Como todo quehacer romántico, Walser recrea y restaura el mito de la caída del hombre en este relato, pero al igual que todos los mitos, el suyo se encuentra soterrado en las profundidades de una prosa florida, retórica y dilatada. El hombre ha renunciado a su ser festivo, dionisíaco. El costo de la vida social ha impedido que pueda expresar su ánimo ditirámbico, como Walser lo ha hecho con su personaje. Si el pasear, el andar sin ton ni son por las calles es un juego, presupone un estar fuera de toda regla social, pues lo contrario es la seriedad que impone el trabajo en nuestra rutina diaria. Este mundo empecinado en regular el orden es lo que tritura la mirada tierna del poeta. Lo mejor es perderse en los confines de la urbe y recuperar la infancia (otra manera de perdurar en el mito), al igual que nuestro protagonista, que al contemplar a unos infantes reflexiona: "Los niños son celestiales, porque siempre están como en una especie de cielo, y caen desde la infancia a la seca y calculadora esencia y a las aburridas concepciones de los adultos".

Cuentan que cierta vez un editor confundió los manuscritos de Kafka con la prosa intermitente de Robert Walser. ¡Tanto era el amor que Kafka le profesaba!; sin embargo, mientras Kafka abre una disputa con el laberíntico mundo del poder, Walser no dramatiza con lo real: es lúdico, grácil, histriónico, mordaz, ingenio, frívolo, pero nunca asume la pugna o la complejidad consigo mismo o con los demás. La ausencia de conflicto narrativo, como en casi toda su demás obra, es una constante. Los personajes de Walser son seres escurridizos que evaden el hostigamiento de la realidad, son seres que parecieran provenir de un periodo anterior al nacimiento de la crisis de la razón, es decir, antes de la escisión y fisura del alma humana. Sus personajes, como dice Walter Benjamin, "están todos curados". Para quien busque el misterio en la obra de Walser, como observa Robert Calasso, su tarea será infructuosa.
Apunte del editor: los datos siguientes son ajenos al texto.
(* Let $X$ and $Y$ be random variables with values in $\mathbb{N}=\{1,2,\dots\}$ whose probability mass functions are non-increasing on $\mathbb{N}$. If $X\le_{st}Y$ (i.e. $\Pr(X>t)\le\Pr(Y>t)$ for all $t\in\mathbb{R}$), then $X\le_{wd}Y$.
   Context: For a real random variable $X$, its Lévy concentration function is $Q_X(\varepsilon)=\sup_{x_0\in\mathbb{R}}\Pr\{X\in[x_0,x_0+\varepsilon]\}$, $\varepsilon>0$. For random variables $X,Y$, write $X\le_{wd}Y$ if $Q_X(\varepsilon)\ge Q_Y(\varepsilon)$ for all $\varepsilon>0$. *)

theory Defs
  imports "HOL-Probability.Probability"
begin

definition levy_conc :: "'a measure \<Rightarrow> ('a \<Rightarrow> real) \<Rightarrow> real \<Rightarrow> real" where
  "levy_conc M X \<epsilon> = (SUP x0::real. measure M {\<omega> \<in> space M. X \<omega> \<in> {x0..x0 + \<epsilon>}})"

definition le_wd :: "'a measure \<Rightarrow> ('a \<Rightarrow> real) \<Rightarrow> 'b measure \<Rightarrow> ('b \<Rightarrow> real) \<Rightarrow> bool" where
  "le_wd M X N Y \<longleftrightarrow> (\<forall>\<epsilon>>0. levy_conc M X \<epsilon> \<ge> levy_conc N Y \<epsilon>)"

definition le_st :: "'a measure \<Rightarrow> ('a \<Rightarrow> real) \<Rightarrow> 'b measure \<Rightarrow> ('b \<Rightarrow> real) \<Rightarrow> bool" where
  "le_st M X N Y \<longleftrightarrow> (\<forall>t::real. measure M {\<omega> \<in> space M. X \<omega> > t} \<le> measure N {\<omega> \<in> space N. Y \<omega> > t})"

end

theory Submission
  imports Defs
begin

text \<open>For a probability mass function on \<open>{1,2,\<dots>}\<close> that is non-increasing, the window
  \<open>[x0, x0 + \<epsilon>]\<close> carries the most mass when it is slid down to \<open>[1, 1 + \<epsilon>]\<close>: shifting by
  \<open>a - 1\<close>, where \<open>a\<close> is the smallest positive integer \<open>\<ge> x0\<close>, maps the integers of the first window
  injectively into the second without decreasing any point mass. So the concentration function
  of such a variable is \<open>1 - Pr(X > 1 + \<epsilon>)\<close>, which is antitone in the stochastic order.\<close>

lemma antimono_from_one:
  fixes p :: "nat \<Rightarrow> 'a::order"
  assumes "\<And>k. 1 \<le> k \<Longrightarrow> p (Suc k) \<le> p k" and "1 \<le> j" and "j \<le> k"
  shows "p k \<le> p j"
  using assms(3)
proof (induction k rule: dec_induct)
  case (step n)
  then show ?case using assms(1,2) by (meson order_trans)
qed simp

lemma finite_nat_in_real_interval: "finite {k::nat. real k \<in> {a..b}}"
  by (rule finite_subset[of _ "{..nat \<lceil>b\<rceil>}"]) (auto, linarith)

lemma sum_real_interval_le_sum_initial_interval:
  fixes p :: "nat \<Rightarrow> real"
  assumes nonneg: "\<And>k. 0 \<le> p k" and p0: "p 0 = 0"
    and antimono: "\<And>k. 1 \<le> k \<Longrightarrow> p (Suc k) \<le> p k"
  shows "(\<Sum>k | real k \<in> {x0..x0 + \<epsilon>}. p k) \<le> (\<Sum>k | real k \<in> {1..1 + \<epsilon>}. p k)"
proof -
  define K where "K = {k::nat. real k \<in> {x0..x0 + \<epsilon>}} - {0}"
  define a where "a = max 1 (nat \<lceil>x0\<rceil>)"
  define shift where "shift k = k + 1 - a" for k
  have a: "1 \<le> a" "x0 \<le> real a"
    using real_nat_ceiling_ge[of x0] unfolding a_def by (auto simp: of_nat_max)
  have K_ge_a: "a \<le> k" if "k \<in> K" for k
    using that unfolding K_def a_def by auto
  have "(\<Sum>k | real k \<in> {x0..x0 + \<epsilon>}. p k) = sum p K"
    unfolding K_def using p0 by (intro sum.mono_neutral_right finite_nat_in_real_interval) auto
  also have "\<dots> \<le> (\<Sum>k\<in>K. p (shift k))"
  proof (rule sum_mono)
    fix k assume "k \<in> K"
    then show "p k \<le> p (shift k)"
      using K_ge_a[of k] a(1) antimono_from_one[of p "shift k" k] by (simp add: antimono shift_def)
  qed
  also have "\<dots> = sum p (shift ` K)"
  proof -
    have "inj_on shift K"
      unfolding inj_on_def shift_def using K_ge_a by fastforce
    then show ?thesis by (simp add: sum.reindex)
  qed
  also have "\<dots> \<le> (\<Sum>k | real k \<in> {1..1 + \<epsilon>}. p k)"
  proof (rule sum_mono2[OF finite_nat_in_real_interval])
    show "shift ` K \<subseteq> {k. real k \<in> {1..1 + \<epsilon>}}"
      using a K_ge_a by (force simp: K_def shift_def of_nat_diff)
  qed (use nonneg in auto)
  finally show ?thesis .
qed

context prob_space
begin

lemma prob_in_finite_set_eq_sum:
  assumes X: "X \<in> measurable M (count_space UNIV)" and "finite K"
  shows "prob {\<omega> \<in> space M. X \<omega> \<in> K} = (\<Sum>k\<in>K. prob {\<omega> \<in> space M. X \<omega> = k})"
proof -
  have "prob {\<omega> \<in> space M. X \<omega> \<in> K} = prob (\<Union>k\<in>K. {\<omega> \<in> space M. X \<omega> = k})"
    by (rule arg_cong[where f = prob]) auto
  also have "\<dots> = (\<Sum>k\<in>K. prob {\<omega> \<in> space M. X \<omega> = k})"
    using X \<open>finite K\<close>
    by (intro finite_measure_finite_Union) (auto simp: disjoint_family_on_def)
  finally show ?thesis .
qed

lemma levy_conc_nat_antitone_pmf:
  fixes X :: "'a \<Rightarrow> nat"
  assumes X: "X \<in> measurable M (count_space UNIV)"
    and pos: "\<forall>\<omega>\<in>space M. 1 \<le> X \<omega>"
    and antimono: "\<forall>k\<ge>1. prob {\<omega> \<in> space M. X \<omega> = Suc k} \<le> prob {\<omega> \<in> space M. X \<omega> = k}"
  shows "levy_conc M (\<lambda>\<omega>. real (X \<omega>)) \<epsilon> = 1 - prob {\<omega> \<in> space M. real (X \<omega>) > 1 + \<epsilon>}"
proof -
  define p where "p k = prob {\<omega> \<in> space M. X \<omega> = k}" for k
  define window where "window x0 = prob {\<omega> \<in> space M. real (X \<omega>) \<in> {x0..x0 + \<epsilon>}}" for x0
  have window_eq_sum: "window x0 = (\<Sum>k | real k \<in> {x0..x0 + \<epsilon>}. p k)" for x0
    using prob_in_finite_set_eq_sum[OF X finite_nat_in_real_interval]
    unfolding window_def p_def by simp
  have "p 0 = 0"
    using pos unfolding p_def by (metis (mono_tags) Collect_empty_eq measure_empty not_one_le_zero)
  then have window_le: "window x0 \<le> window 1" for x0
    unfolding window_eq_sum using antimono
    by (intro sum_real_interval_le_sum_initial_interval) (auto simp: p_def)
  have "levy_conc M (\<lambda>\<omega>. real (X \<omega>)) \<epsilon> = window 1"
    unfolding levy_conc_def window_def[symmetric] using window_le by (intro cSup_eq_maximum) auto
  also have "\<dots> = prob (space M - {\<omega> \<in> space M. real (X \<omega>) > 1 + \<epsilon>})"
    unfolding window_def using pos by (intro arg_cong[where f = prob]) auto
  also have "\<dots> = 1 - prob {\<omega> \<in> space M. real (X \<omega>) > 1 + \<epsilon>}"
    using X by (intro prob_compl) measurable
  finally show ?thesis .
qed

end

theorem proposition3p2:
  fixes M :: "'a measure" and N :: "'b measure"
    and X :: "'a \<Rightarrow> nat" and Y :: "'b \<Rightarrow> nat"
  assumes "prob_space M" and "prob_space N"
    and "X \<in> measurable M (count_space UNIV)"
    and "Y \<in> measurable N (count_space UNIV)"
    and "\<forall>\<omega>\<in>space M. X \<omega> \<ge> 1"
    and "\<forall>\<omega>\<in>space N. Y \<omega> \<ge> 1"
    and "\<forall>k\<ge>1. measure M {\<omega> \<in> space M. X \<omega> = Suc k} \<le> measure M {\<omega> \<in> space M. X \<omega> = k}"
    and "\<forall>k\<ge>1. measure N {\<omega> \<in> space N. Y \<omega> = Suc k} \<le> measure N {\<omega> \<in> space N. Y \<omega> = k}"
    and "le_st M (\<lambda>\<omega>. real (X \<omega>)) N (\<lambda>\<omega>. real (Y \<omega>))"
  shows "le_wd M (\<lambda>\<omega>. real (X \<omega>)) N (\<lambda>\<omega>. real (Y \<omega>))"
proof -
  have "levy_conc M (\<lambda>\<omega>. real (X \<omega>)) \<epsilon> = 1 - measure M {\<omega> \<in> space M. real (X \<omega>) > 1 + \<epsilon>}"
    and "levy_conc N (\<lambda>\<omega>. real (Y \<omega>)) \<epsilon> = 1 - measure N {\<omega> \<in> space N. real (Y \<omega>) > 1 + \<epsilon>}"
    for \<epsilon>
    using prob_space.levy_conc_nat_antitone_pmf[OF assms(1,3,5,7)]
      prob_space.levy_conc_nat_antitone_pmf[OF assms(2,4,6,8)] by auto
  with assms(9) show ?thesis
    unfolding le_wd_def le_st_def by simp
qed

end
(* Let $Y$ be an integrable random sup-measure on $E$. Then almost surely $Y$ is a scaled indicator sup-measure, i.e. $Y(\cdot)=c\,\mathbf 1_{F\cap\,\cdot\,\neq\emptyset}$ for some (random) $c\ge0$ and closed $F\subset E$, if and only if $$\mathbb E\int^e f\,dY=\mathbb E\int f\,dY\qquad\text{for all } f\in\mathrm{USC}.$$
   Context: $E$ is a locally compact Hausdorff second countable space; $\mathcal K$ its compact subsets. A sup-measure on $E$ is a Choquet capacity $\varphi$ (non-decreasing, $\varphi(\emptyset)=0$, $\varphi(A_n)\uparrow\varphi(A)$ if $A_n\uparrow A$, $\varphi(K_n)\downarrow\varphi(K)$ for compact $K_n\downarrow K$), finite on compacts, with $\varphi(\bigcup_j G_j)=\sup_j\varphi(G_j)$ for all families of open sets; a random sup-measure is a random element of the space of sup-measures (Borel $\sigma$-algebra of the sup-vague topology); $Y$ is integrable if $\mathbb E\,Y(K)<\infty$ for all $K\in\mathcal K$. $\mathrm{USC}$: bounded non-negative upper semicontinuous functions on $E$ with relatively compact support. For $f\in\mathrm{USC}$: extremal integral $\int^e f\,d\varphi=\sup\{\varphi(K)\inf_{x\in K}f(x):K\in\mathcal K\}$; Choquet integral $\int f\,d\varphi=\int_0^\infty\varphi(\{f\ge t\})\,dt$. *)

theory Defs
  imports "HOL-Analysis.Analysis" "HOL-Probability.Probability"
begin

definition choquet_capacity :: "('a::topological_space set \<Rightarrow> ennreal) \<Rightarrow> bool" where
  "choquet_capacity \<phi> \<longleftrightarrow>
     (\<forall>A B. A \<subseteq> B \<longrightarrow> \<phi> A \<le> \<phi> B) \<and>
     \<phi> {} = 0 \<and>
     (\<forall>A :: nat \<Rightarrow> 'a set. incseq A \<longrightarrow> (\<lambda>n. \<phi> (A n)) \<longlonglongrightarrow> \<phi> (\<Union>n. A n)) \<and>
     (\<forall>K :: nat \<Rightarrow> 'a set. (\<forall>n. compact (K n)) \<and> decseq K \<longrightarrow>
          (\<lambda>n. \<phi> (K n)) \<longlonglongrightarrow> \<phi> (\<Inter>n. K n))"

definition sup_measure :: "('a::topological_space set \<Rightarrow> ennreal) \<Rightarrow> bool" where
  "sup_measure \<phi> \<longleftrightarrow> choquet_capacity \<phi> \<and>
     (\<forall>K. compact K \<longrightarrow> \<phi> K < \<infinity>) \<and>
     (\<forall>\<G>. (\<forall>G\<in>\<G>. open G) \<longrightarrow> \<phi> (\<Union>\<G>) = (SUP G\<in>\<G>. \<phi> G))"

definition sup_measures :: "('a::topological_space set \<Rightarrow> ennreal) set" where
  "sup_measures = {\<phi>. sup_measure \<phi>}"

definition sup_vague_topology :: "('a::topological_space set \<Rightarrow> ennreal) topology" where
  "sup_vague_topology = topology_generated_by
     ({{\<phi>\<in>sup_measures. \<phi> K < x} | K x. compact K} \<union>
      {{\<phi>\<in>sup_measures. x < \<phi> G} | G x. open G})"

definition sup_vague_borel :: "('a::topological_space set \<Rightarrow> ennreal) measure" where
  "sup_vague_borel = sigma (topspace sup_vague_topology) {U. openin sup_vague_topology U}"

definition random_sup_measure :: "'w measure \<Rightarrow> ('w \<Rightarrow> 'a::topological_space set \<Rightarrow> ennreal) \<Rightarrow> bool" where
  "random_sup_measure M Y \<longleftrightarrow> Y \<in> M \<rightarrow>\<^sub>M sup_vague_borel"

definition integrable_rsm :: "'w measure \<Rightarrow> ('w \<Rightarrow> 'a::topological_space set \<Rightarrow> ennreal) \<Rightarrow> bool" where
  "integrable_rsm M Y \<longleftrightarrow> (\<forall>K. compact K \<longrightarrow> (\<integral>\<^sup>+ w. Y w K \<partial>M) < \<infinity>)"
 De todos los autores en lengua alemana, Robert Walser es hoy el más olvidado. La crítica lo ha mantenido en el anonimato, apenas si se haya registro alguno en ensayos, enciclopedias e historias de la literatura. De sus lectores, mejor es darle la palabra a Hesse: "Si Walser perteneciera a los espíritus dirigentes ya no habría guerras, y si tuviera cien mil lectores, el mundo sería mejor". Resulta evidente que nunca los tuvo.